Nella serie Soulmates si immagina un ulteriore passo in là. Siamo solo 15 anni avanti nel futuro e un'azienda, la Soul Connex, ha messo a punto un algoritmo, sul quale è stato modellato un complesso test capace di individuare con totale certezza la vera anima gemella (sempre se inscritta al programma ovviamente). Così i due che si corrispondono, finalmente sanno come e dove ritrovarsi, e possono partire, anche dall'altro capo del mondo, per raggiungere la persona che finalmente li farà felici. E se nel frattempo ci siamo messi con uno trovato con il vecchio sistema e magari con lui va anche bene? Non importa, con quello scelto dall'algoritmo andrà ancora meglio. E poi la curiosità, la tentazione sono fortissime.

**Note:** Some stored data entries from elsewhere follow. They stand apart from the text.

(* For any $a,b\in\operatorname{End}(H)$: $Ta_1=Tb_1\iff Ta_2=Tb_2$, and $Ta_3=Tb_3\iff Ta_4=Tb_4$. Consequently $a\stackrel{T}{=}b$ holds if and only if $Ta_r=Tb_r$ for some $r\in\{1,2\}$ and $Ta_s=Tb_s$ for some $s\in\{3,4\}$.
   Context: Let $\mathcal C$ be a strict monoidal category with tensor product $\boxtimes$ and unit object $\mathbb I$ which is an Ab-category (all Hom-sets are abelian groups, composition and $\boxtimes$ are biadditive) whose ground ring $\mathsf k=\operatorname{End}(\mathbb I)$ is a field; each $\operatorname{Hom}(V,W)$ is a $\mathsf k$-vector space via $kf=k\boxtimes f$, and $\boxtimes$ is $\mathsf k$-bilinear on morphisms. An object $V$ is simple if $\operatorname{End}(V)=\mathsf k\,\mathrm{Id}_V$; for such $V$ and $f\in\operatorname{End}(V)$, $\langle f\rangle\in\mathsf k$ denotes the scalar with $f=\langle f\rangle\mathrm{Id}_V$. For objects $V_i$ write $H^{ij}_k=\operatorname{Hom}(V_k,V_i\boxtimes V_j)$ and $H^k_{ij}=\operatorname{Hom}(V_i\boxtimes V_j,V_k)$. A $\Psi$-system in $\mathcal C$ consists of (1) a family of simple objects $\{V_i\}_{i\in I}$ with $\operatorname{Hom}(V_i,V_j)=0$ for $i\neq j$; (2) an involution $i\mapsto i^*$ of $I$; (3) morphisms $b_i:\mathbb I\to V_i\boxtimes V_{i^*}$, $d_i:V_i\boxtimes V_{i^*}\to\mathbb I$ ($i\in I$) with $(\mathrm{Id}_{V_i}\boxtimes d_{i^*})(b_i\boxtimes\mathrm{Id}_{V_i})=\mathrm{Id}_{V_i}$ and $(d_i\boxtimes\mathrm{Id}_{V_i})(\mathrm{Id}_{V_i}\boxtimes b_{i^*})=\mathrm{Id}_{V_i}$; (4) for all $i,j\in I$ such that $H^{ij}_k\neq0$ for some $k\in I$, the morphism $\mathrm{Id}_{V_i\boxtimes V_j}$ lies in the image of the linear map $\bigoplus_{k\in I}H^{ij}_k\otimes_{\mathsf k}H^k_{ij}\to\operatorname{End}(V_i\boxtimes V_j)$, $x\otimes y\mapsto x\circ y$. Fix a $\Psi$-system in $\mathcal C$. Let $\hat H=\bigoplus_{i,j,k\in I}H^k_{ij}$, $\check H=\bigoplus_{i,j,k\in I}H^{ij}_k$, $H=\hat H\oplus\check H$, and let $\pi^k_{ij}:H\to H^k_{ij}$, $\pi^{ij}_k:H\to H^{ij}_k$ be the projections. Define $A,B\in\operatorname{End}_{\mathsf k}(H)$ by $Ax=\sum_{i,j,k\in I}\big((\mathrm{Id}_{V_{i^*}}\boxtimes\pi^k_{ij}x)(b_{i^*}\boxtimes\mathrm{Id}_{V_j})+(d_{i^*}\boxtimes\mathrm{Id}_{V_j})(\mathrm{Id}_{V_{i^*}}\boxtimes\pi^{ij}_kx)\big)$, $Bx=\sum_{i,j,k\in I}\big((\pi^k_{ij}x\boxtimes\mathrm{Id}_{V_{j^*}})(\mathrm{Id}_{V_i}\boxtimes b_j)+(\mathrm{Id}_{V_i}\boxtimes d_j)(\pi^{ij}_kx\boxtimes\mathrm{Id}_{V_{j^*}})\big)$. Define the symmetric bilinear form on $H$: $\langle x,y\rangle=\sum_{i,j,k\in I}\big(\langle\pi^k_{ij}x\circ\pi^{ij}_ky\rangle+\langle\pi^k_{ij}y\circ\pi^{ij}_kx\rangle\big)$. A transpose of $f\in\operatorname{End}(H)$ is the (unique) $f^*\in\operatorname{End}(H)$ with $\langle fx,y\rangle=\langle x,f^*y\rangle$ for all $x,y\in H$; $A^*$, $B^*$ denote the transposes of $A$, $B$ (which exist). Define the linear form $T:H^{\otimes4}\to\mathsf k$ by $T(u\otimes v\otimes x\otimes y)=\sum_{i,j,k,l,m,n\in I}\big\langle \pi^m_{kl}u\circ(\pi^k_{ij}v\boxtimes\mathrm{Id}_{V_l})\circ(\mathrm{Id}_{V_i}\boxtimes\pi^{jl}_nx)\circ\pi^{in}_my\big\rangle$. For $f\in\operatorname{End}(H)$ and $r\in\{1,2,3,4\}$, $f_r\in\operatorname{End}(H^{\otimes4})$ acts as $f$ on the $r$-th tensor factor and as the identity on the others, and $Tf_r$ denotes $T\circ f_r$. Two operators $a,b\in\operatorname{End}(H)$ are $T$-equal, written $a\stackrel{T}{=}b$, if $Ta_r=Tb_r$ for all $r=1,2,3,4$. *)

theory Defs
  imports Main "HOL-Library.Groups_Big_Fun"
begin

record ('o, 'm) mcat =
  mdom  :: "'m \<Rightarrow> 'o"
  mcod  :: "'m \<Rightarrow> 'o"
  mcomp :: "'m \<Rightarrow> 'm \<Rightarrow> 'm"      (* mcomp g f = g o f *)
  mid   :: "'o \<Rightarrow> 'm"
  otens :: "'o \<Rightarrow> 'o \<Rightarrow> 'o"
  mtens :: "'m \<Rightarrow> 'm \<Rightarrow> 'm"
  munit :: "'o"
  madd  :: "'m \<Rightarrow> 'm \<Rightarrow> 'm"
  mzero :: "'o \<Rightarrow> 'o \<Rightarrow> 'm"
  mneg  :: "'m \<Rightarrow> 'm"

definition hom :: "('o, 'm, 'z) mcat_scheme \<Rightarrow> 'o \<Rightarrow> 'o \<Rightarrow> 'm set" where
  "hom C X Y = {f. mdom C f = X \<and> mcod C f = Y}"

definition strict_monoidal_ab_cat :: "('o, 'm, 'z) mcat_scheme \<Rightarrow> bool" where
  "strict_monoidal_ab_cat C \<longleftrightarrow>
    \<comment> \<open>category\<close>
    (\<forall>X. mid C X \<in> hom C X X) \<and>
    (\<forall>f g. mdom C g = mcod C f \<longrightarrow> mcomp C g f \<in> hom C (mdom C f) (mcod C g)) \<and>
    (\<forall>f. mcomp C f (mid C (mdom C f)) = f \<and> mcomp C (mid C (mcod C f)) f = f) \<and>
    (\<forall>f g h. mdom C g = mcod C f \<longrightarrow> mdom C h = mcod C g \<longrightarrow>
        mcomp C h (mcomp C g f) = mcomp C (mcomp C h g) f) \<and>
    \<comment> \<open>strict monoidal structure\<close>
    (\<forall>f g. mtens C f g \<in> hom C (otens C (mdom C f) (mdom C g)) (otens C (mcod C f) (mcod C g))) \<and>
    (\<forall>X Y. mtens C (mid C X) (mid C Y) = mid C (otens C X Y)) \<and>
    (\<forall>f f' g g'. mdom C f' = mcod C f \<longrightarrow> mdom C g' = mcod C g \<longrightarrow>
        mtens C (mcomp C f' f) (mcomp C g' g) = mcomp C (mtens C f' g') (mtens C f g)) \<and>
    (\<forall>X Y Z. otens C (otens C X Y) Z = otens C X (otens C Y Z)) \<and>
    (\<forall>X. otens C (munit C) X = X \<and> otens C X (munit C) = X) \<and>
    (\<forall>f g h. mtens C (mtens C f g) h = mtens C f (mtens C g h)) \<and>
    (\<forall>f. mtens C (mid C (munit C)) f = f \<and> mtens C f (mid C (munit C)) = f) \<and>
    \<comment> \<open>Ab-category: Hom-sets are abelian groups\<close>
    (\<forall>X Y. mzero C X Y \<in> hom C X Y) \<and>
    (\<forall>X Y. \<forall>f\<in>hom C X Y. \<forall>g\<in>hom C X Y. madd C f g \<in> hom C X Y) \<and>
    (\<forall>X Y. \<forall>f\<in>hom C X Y. mneg C f \<in> hom C X Y) \<and>
    (\<forall>X Y. \<forall>f\<in>hom C X Y. \<forall>g\<in>hom C X Y. \<forall>h\<in>hom C X Y.
        madd C (madd C f g) h = madd C f (madd C g h)) \<and>
    (\<forall>X Y. \<forall>f\<in>hom C X Y. \<forall>g\<in>hom C X Y. madd C f g = madd C g f) \<and>
    (\<forall>X Y. \<forall>f\<in>hom C X Y. madd C f (mzero C X Y) = f) \<and>
    (\<forall>X Y. \<forall>f\<in>hom C X Y. madd C f (mneg C f) = mzero C X Y) \<and>
    \<comment> \<open>composition is biadditive\<close>
    (\<forall>X Y Z. \<forall>f\<in>hom C X Y. \<forall>g\<in>hom C Y Z. \<forall>g'\<in>hom C Y Z.
        mcomp C (madd C g g') f = madd C (mcomp C g f) (mcomp C g' f)) \<and>
    (\<forall>X Y Z. \<forall>f\<in>hom C X Y. \<forall>f'\<in>hom C X Y. \<forall>g\<in>hom C Y Z.
        mcomp C g (madd C f f') = madd C (mcomp C g f) (mcomp C g f')) \<and>
    \<comment> \<open>tensor product is biadditive\<close>
    (\<forall>X Y X' Y'. \<forall>f\<in>hom C X Y. \<forall>f'\<in>hom C X Y. \<forall>g\<in>hom C X' Y'.
        mtens C (madd C f f') g = madd C (mtens C f g) (mtens C f' g)) \<and>
    (\<forall>X Y X' Y'. \<forall>f\<in>hom C X Y. \<forall>g\<in>hom C X' Y'. \<forall>g'\<in>hom C X' Y'.
        mtens C f (madd C g g') = madd C (mtens C f g) (mtens C f g'))"

text \<open>The ground ring End(I) is a field: it is identified, via the ring isomorphism sc,
  with a field 'k.  Morphisms are k-vector spaces via k f = k \<boxtimes> f, and the tensor
  product is k-bilinear.\<close>

definition ground_field :: "('o, 'm, 'z) mcat_scheme \<Rightarrow> ('k::field \<Rightarrow> 'm) \<Rightarrow> bool" where
  "ground_field C sc \<longleftrightarrow>
    bij_betw sc UNIV (hom C (munit C) (munit C)) \<and>
    (\<forall>a b. sc (a + b) = madd C (sc a) (sc b)) \<and>
    (\<forall>a b. sc (a * b) = mcomp C (sc a) (sc b)) \<and>
    sc 1 = mid C (munit C) \<and>
    (\<forall>c f g. mtens C f (mtens C (sc c) g) = mtens C (sc c) (mtens C f g))"

definition smult :: "('o, 'm, 'z) mcat_scheme \<Rightarrow> ('k \<Rightarrow> 'm) \<Rightarrow> 'k \<Rightarrow> 'm \<Rightarrow> 'm" where
  "smult C sc c f = mtens C (sc c) f"

definition simple_obj :: "('o, 'm, 'z) mcat_scheme \<Rightarrow> ('k \<Rightarrow> 'm) \<Rightarrow> 'o \<Rightarrow> bool" where
  "simple_obj C sc V \<longleftrightarrow> mid C V \<noteq> mzero C V V \<and>
     (\<forall>f\<in>hom C V V. \<exists>c. f = smult C sc c (mid C V))"

definition bracket :: "('o, 'm, 'z) mcat_scheme \<Rightarrow> ('k \<Rightarrow> 'm) \<Rightarrow> 'o \<Rightarrow> 'm \<Rightarrow> 'k" where
  "bracket C sc V f = (THE c. f = smult C sc c (mid C V))"

definition psi_system ::
  "('o, 'm, 'z) mcat_scheme \<Rightarrow> ('k \<Rightarrow> 'm) \<Rightarrow> ('i \<Rightarrow> 'o) \<Rightarrow> ('i \<Rightarrow> 'i) \<Rightarrow> ('i \<Rightarrow> 'm) \<Rightarrow> ('i \<Rightarrow> 'm) \<Rightarrow> bool" where
  "psi_system C sc V st bb dd \<longleftrightarrow>
    (\<forall>i. simple_obj C sc (V i)) \<and>
    (\<forall>i j. i \<noteq> j \<longrightarrow> hom C (V i) (V j) = {mzero C (V i) (V j)}) \<and>
    (\<forall>i. st (st i) = i) \<and>
    (\<forall>i. bb i \<in> hom C (munit C) (otens C (V i) (V (st i)))) \<and>
    (\<forall>i. dd i \<in> hom C (otens C (V i) (V (st i))) (munit C)) \<and>
    (\<forall>i. mcomp C (mtens C (mid C (V i)) (dd (st i))) (mtens C (bb i) (mid C (V i))) = mid C (V i)) \<and>
    (\<forall>i. mcomp C (mtens C (dd i) (mid C (V i))) (mtens C (mid C (V i)) (bb (st i))) = mid C (V i)) \<and>
    (\<forall>i j. (\<exists>k. hom C (V k) (otens C (V i) (V j)) \<noteq> {mzero C (V k) (otens C (V i) (V j))}) \<longrightarrow>
       (\<exists>ts :: ('i \<times> 'm \<times> 'm) list.
          (\<forall>(k, x, y)\<in>set ts. x \<in> hom C (V k) (otens C (V i) (V j)) \<and>
                              y \<in> hom C (otens C (V i) (V j)) (V k)) \<and>
          foldr (\<lambda>(k, x, y) acc. madd C (mcomp C x y) acc) ts
                (mzero C (otens C (V i) (V j)) (otens C (V i) (V j)))
            = mid C (otens C (V i) (V j))))"

text \<open>An element of H = Hhat (+) Hcheck is a pair (h, c) of finitely supported families:
  h (i,j,k) \<in> H^k_{ij} = Hom(V_i \<boxtimes> V_j, V_k) and c (i,j,k) \<in> H^{ij}_k = Hom(V_k, V_i \<boxtimes> V_j).
  So fst x (i,j,k) is pi^k_{ij} x and snd x (i,j,k) is pi^{ij}_k x.\<close>

type_synonym ('i, 'm) Helem = "('i \<times> 'i \<times> 'i \<Rightarrow> 'm) \<times> ('i \<times> 'i \<times> 'i \<Rightarrow> 'm)"

definition Hsp :: "('o, 'm, 'z) mcat_scheme \<Rightarrow> ('i \<Rightarrow> 'o) \<Rightarrow> ('i, 'm) Helem set" where
  "Hsp C V = {(h, c).
     (\<forall>i j k. h (i, j, k) \<in> hom C (otens C (V i) (V j)) (V k)) \<and>
     (\<forall>i j k. c (i, j, k) \<in> hom C (V k) (otens C (V i) (V j))) \<and>
     finite {(i, j, k). h (i, j, k) \<noteq> mzero C (otens C (V i) (V j)) (V k)} \<and>
     finite {(i, j, k). c (i, j, k) \<noteq> mzero C (V k) (otens C (V i) (V j))}}"

definition hadd :: "('o, 'm, 'z) mcat_scheme \<Rightarrow> ('i, 'm) Helem \<Rightarrow> ('i, 'm) Helem \<Rightarrow> ('i, 'm) Helem" where
  "hadd C x y = ((\<lambda>t. madd C (fst x t) (fst y t)), (\<lambda>t. madd C (snd x t) (snd y t)))"

definition hsmult :: "('o, 'm, 'z) mcat_scheme \<Rightarrow> ('k \<Rightarrow> 'm) \<Rightarrow> 'k \<Rightarrow> ('i, 'm) Helem \<Rightarrow> ('i, 'm) Helem" where
  "hsmult C sc c x = ((\<lambda>t. smult C sc c (fst x t)), (\<lambda>t. smult C sc c (snd x t)))"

Ma possiamo davvero fidarci delle scelte di un freddo algoritmo, ne saprà più lui di noi, dei complessi meccanismi che regolano l'attrazione, che ne sa lui di uno sguardo, di un odore, del suono di una voce? Tutte cose impalpabili, che contribuiscono a far scattare la molla dell'innamoramento. L'algoritmo però si ammanta di scientificità, solo lui può trovare la tua soulmate, quella con la quale dividerai un'intera esistenza. E verrebbe da fidarsi, perché si sa che spesso ingannevole è il cuore, più di ogni altra cosa... ben lo sappiamo, meglio allora affidarsi al cervello. Anzi a un cervellone... E infinite sono le variazioni di scenario possibili e su questo tema la serie Soulmates imbastisce una serie di storie tutte diverse, alcune più drammatiche, altre più lievi, altre malinconiche, una anche buffa, qualcuna meglio riuscita di altre, ma nel complesso tutte piacevoli e capaci di interessare.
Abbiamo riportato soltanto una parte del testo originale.